• **Problem to work on**: Restate word for word the line with "theory Defs" and all lines after it; please stop only at the end of the listing below.

##### Data supplied

(* If Assumptions (A1), (A2), (A3) and (A4) below hold, then $V^*_{N_p+1}(x)\le V^*_{N_p}(x)$ for all $x\in\mathtt{X}_{N_p}$, where $V^*_{N_p}(x)$ is the optimal value function of $\mathtt{P}_{N_p}(x)$ with prediction horizon length $N_p$.
   Context: Consider the uncertain linear system $x^+=Ax+Bu+w$ with $(A,B)\in\mathrm{conv}(\{(A_i,B_i),\,i\in\Gamma_p\})$, $\Gamma_p=\{1,\dots,n_p\}$, $w\in\mathsf W$ (convex polytope containing the origin in its interior), constraints $x\in\mathbb X$, $u\in\mathbb U$ (polytopes). The disturbance set is split as $\mathsf W\subseteq\overline{\mathsf W}\oplus\underline{\mathsf W}$ with $\overline{\mathsf W}=\mathrm{conv}\{w_l,\,l\in\Gamma_{\overline w}\}$ (large) and $\underline{\mathsf W}$ (small). Nominal model $z^+=A_iz+B_iv+w$, $w\in\overline{\mathsf W}$; control $u=v+K_{\mathrm{inv}}(x-z)$; $\mathsf S$ satisfies $(A_i+B_iK_{\mathrm{inv}})\mathsf S\oplus\underline{\mathsf W}\subseteq\mathsf S$; tightened sets $\mathbb Z=\mathbb X\ominus\mathsf S$, $\mathbb V=\mathbb U\ominus K_{\mathrm{inv}}\mathsf S$. $\mathtt{P}_{N_p}(x)$ is the tube-enhanced multi-stage MPC problem: a scenario tree with nodes $z_k^j$, inputs $v_k^j$, $n_d=n_pn_{\overline w}$ branches $z_{k+1}^c=A_iz_k^j+B_iv_k^j+w_l$ per node up to the robust horizon $N_r$, with $z_k^j\in\mathbb Z$, $v_k^j\in\mathbb V$; beyond $N_r$ one tube $\mathsf Z_k^j$ per scenario with policy $v_k^j+K_{\mathrm{pred}}z$, $(A_i+B_iK_{\mathrm{pred}})\mathsf Z_k^j\oplus\{B_iv_k^j\}\oplus\overline{\mathsf W}\subseteq\mathsf Z_{k+1}^j$, $z_{N_r}^j\in\mathsf Z_{N_r}^j\subseteq\mathbb Z$, $\mathsf Z_k^j\subseteq\mathbb Z$, $\{v_k^j\}\oplus K_{\mathrm{pred}}\mathsf Z_k^j\subseteq\mathbb V$, $\mathsf Z_{N_p}^j\subseteq\mathbb Z_f$, and $x\in\{z_0^1\}\oplus\mathsf S$. Cost: $\sum_{k=0}^{N_r-1}\sum_j\omega_k^j\ell(z_k^j,v_k^j)+\sum_{k=N_r}^{N_p-1}\max_{\tilde z_k^j\in\mathsf Z_k^j}\sum_j\omega_k^j\ell(\tilde z_k^j,v_k^j+K_{\mathrm{pred}}\tilde z_k^j)+\max\sum_jV_f(\tilde z_{N_p}^j)$. $\mathtt{X}_{N_p}$ is its feasible set. (A1) Weights: each realization $(A_i,B_i,w_l)$ has a positive weight; the root weight satisfies $0<\omega_0^1\le$ all realization weights; nodes at stages $1,\dots,N_r-1$ carry the weight of the realization producing them; tube weights are $\omega_k^j=n_d^{k-N_r}\omega_{\mathrm{tube}}$ for $k=N_r,\dots,N_p-1$ with bounded $\omega_{\mathrm{tube}}\ge$ all realization weights. (A2) $\mathsf S$ is a convex compact disturbance invariant polytope with $\mathsf S\subset\mathbb X$, $K_{\mathrm{inv}}\mathsf S\subset\mathbb U$ (and $\mathsf S=\{0\}$ if $\underline{\mathsf W}=\{0\}$). (A3) $\mathbb Z_f\subseteq\mathbb X\ominus\mathsf S$ is a robust positively invariant polytope containing the origin for $K_f=K_{\mathrm{pred}}$, $K_f\mathbb Z_f\subseteq\mathbb U\ominus K_{\mathrm{inv}}\mathsf S$, and for all tubes $\mathsf Z\subseteq\mathbb Z_f$, $(A_i+B_iK_f)\mathsf Z\oplus\overline{\mathsf W}\subseteq\mathsf Z^+\subseteq\mathbb Z_f$ for all $i$. (A4) $\ell$ and $V_f$ are convex, positive definite; $\ell(z,v)\ge c|z|_{\mathbb Z_f}$ for $z\in\mathbb Z\setminus\mathbb Z_f$ with $|z|_{\mathbb Z_f}=\min_{y\in\mathbb Z_f}\|z-y\|_p$, $c>0$; $\ell(z,K_fz)=0$ and $V_f(z)=0$ on $\mathbb Z_f$; $\max_{\tilde z\in\mathsf Z}\ell(\tilde z,v+K_{\mathrm{pred}}\tilde z)\ge c'|\tilde z|_{\mathbb Z_f}$ for $\mathsf Z\subseteq\mathbb Z\setminus\mathbb Z_f$ ($c'>0$), and $\max_{\tilde z\in\mathsf Z}\ell(\tilde z,K_f\tilde z)=0$, $\max_{\tilde z\in\mathsf Z}V_f(\tilde z)=0$ for $\mathsf Z\subseteq\mathbb Z_f$. *)

theory Defs
  imports "HOL-Analysis.Analysis"
begin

##########

• **Written reply**:
theory Defs
  imports "HOL-Analysis.Analysis"
begin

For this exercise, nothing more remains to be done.